2.RestHighLevelClient的请求流程

2.1新建client

HttpHost httpHost = new HttpHost("localhost", 9200, "http");
RestClientBuilder builder =  RestClient.builder(httpHost);
CredentialsProvider credentialsProvider = new BasicCredentialsProvider();
credentialsProvider.setCredentials(AuthScope.ANY,
        new UsernamePasswordCredentials("elastic", "123456"));
builder.setRequestConfigCallback(new RestClientBuilder.RequestConfigCallback() {
    @Override
    public RequestConfig.Builder customizeRequestConfig(RequestConfig.Builder builder) {
        builder.setConnectTimeout(3000);
        return builder;
    }
});
builder.setHttpClientConfigCallback(new RestClientBuilder.HttpClientConfigCallback() {
    @Override
    public HttpAsyncClientBuilder customizeHttpClient(HttpAsyncClientBuilder httpAsyncClientBuilder) {
        httpAsyncClientBuilder.setMaxConnTotal(30);
        httpAsyncClientBuilder.setDefaultCredentialsProvider(credentialsProvider);
        return httpAsyncClientBuilder;
    }
});
client = new RestHighLevelClient(builder);

如上代码所示,在新建client的时候,可以指定请求的节点,鉴权,请求超时,http线程池等参数。示例只是用了一个节点,如果才用多个节点的,在builder的时候可以传入多个HttpHost

2.2请求体构造

我们以Search请求为例,来进行举例,和search类似,client对很多方法都提供了同步和异步的方法


image.png

请求最主要的参数就是SearchRequest,这里需要放入当前请求的索引,查询条件等

SearchRequest最主要的两个参数,一个是indices,还有一个就是SearchSourceBuilder,indices表示请求的索引,SearchSourceBuilder表示请求的语法

用RestHighLevelClient的一个很重要的原因,就是它的语法很大程度上和ES的DSL是一一对应的,比如SearchSourceBuilder我们可以理解为DSL最外层的{}, SearchSourceBuilder内部的成员变量有,
QueryBuilder,fetchSourceContext, aggregations等,这些成员变量内部的接口也和DSL语法基本差不多。

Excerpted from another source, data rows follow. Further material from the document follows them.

theorem theorem6p13:
  fixes ds :: "nat list" and r :: nat
    and A M N :: "nat list \<Rightarrow> nat list \<Rightarrow> complex"
    and U V :: "nat \<Rightarrow> nat list \<Rightarrow> complex"
  assumes "A \<in> tspace ds"
    and "hpd ds M" and "hpd ds N"
    and "orthonormal_wrt ds M r U"
    and "orthonormal_wrt ds (tinv ds N) r V"
    and "A = (\<Sum>k\<in>{1..r}. outer ds (U k) (V k))"
  shows "wmpinv ds A M N = eprod ds (eprod ds (tinv ds N) (\<Sum>k\<in>{1..r}. outer ds (V k) (U k))) M
     \<and> numrange ds (wmpinv ds A M N) = numrange ds (wctrans ds A M N)"
proof -
  define W where "W k = evprod ds (tinv ds N) (V k)" for k
  have M_herm: "ctrans ds M = M"
    using assms(2) by (simp add: hpd_def)
  have "evprod ds N (W k) = V k" if "k \<in> {1..r}" for k
    using assms(3,5) that
    by (simp add: W_def orthonormal_wrt_def evprod_eprod[symmetric] hpd_eprod_tinv evprod_tid)
  then have "wmpinv ds A M N = (\<Sum>k\<in>{1..r}. outer ds (W k) (evprod ds M (U k)))"
    using assms(2-5) unfolding assms(6)
    by (intro wmpinv_sum_outer) (auto simp: orthonormal_wrt_def W_def)
  moreover have "eprod ds (eprod ds (tinv ds N) (\<Sum>k\<in>{1..r}. outer ds (V k) (U k))) M
      = (\<Sum>k\<in>{1..r}. outer ds (W k) (evprod ds M (U k)))"
    by (simp add: W_def M_herm eprod_sum_left eprod_sum_right eprod_outer_left eprod_outer_right)
  moreover have "wctrans ds A M N = eprod ds (eprod ds (tinv ds N) (\<Sum>k\<in>{1..r}. outer ds (V k) (U k))) M"
    by (simp add: wctrans_def assms(6) ctrans_sum ctrans_outer)
  ultimately show ?thesis
    by simp
qed

end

在SearchRequest构造完成之后,我们可以调用toString()方法生成DSL,当然在使用过程中我们也可以在kibina等工具内用DSL调好请求,然后在Search的时候直接使用DSL,但是这种方式不利于维护查询的语法。不建议使用。

2.3请求发送

执行search方法后,最终会执行到RestClient:performRequest

public Response performRequest(Request request) throws IOException {
    SyncResponseListener listener = new SyncResponseListener(maxRetryTimeoutMillis);
    performRequestAsyncNoCatch(request, listener);
    return listener.get();
}

通过该方法,我们看到无论我们在外面选择的是同步或者异步的方法,其实clinet内部都是按照异步处理的。所以2.1中介绍的线程池配置就很关键,需要根据不同的业务选择不同的线程池大小。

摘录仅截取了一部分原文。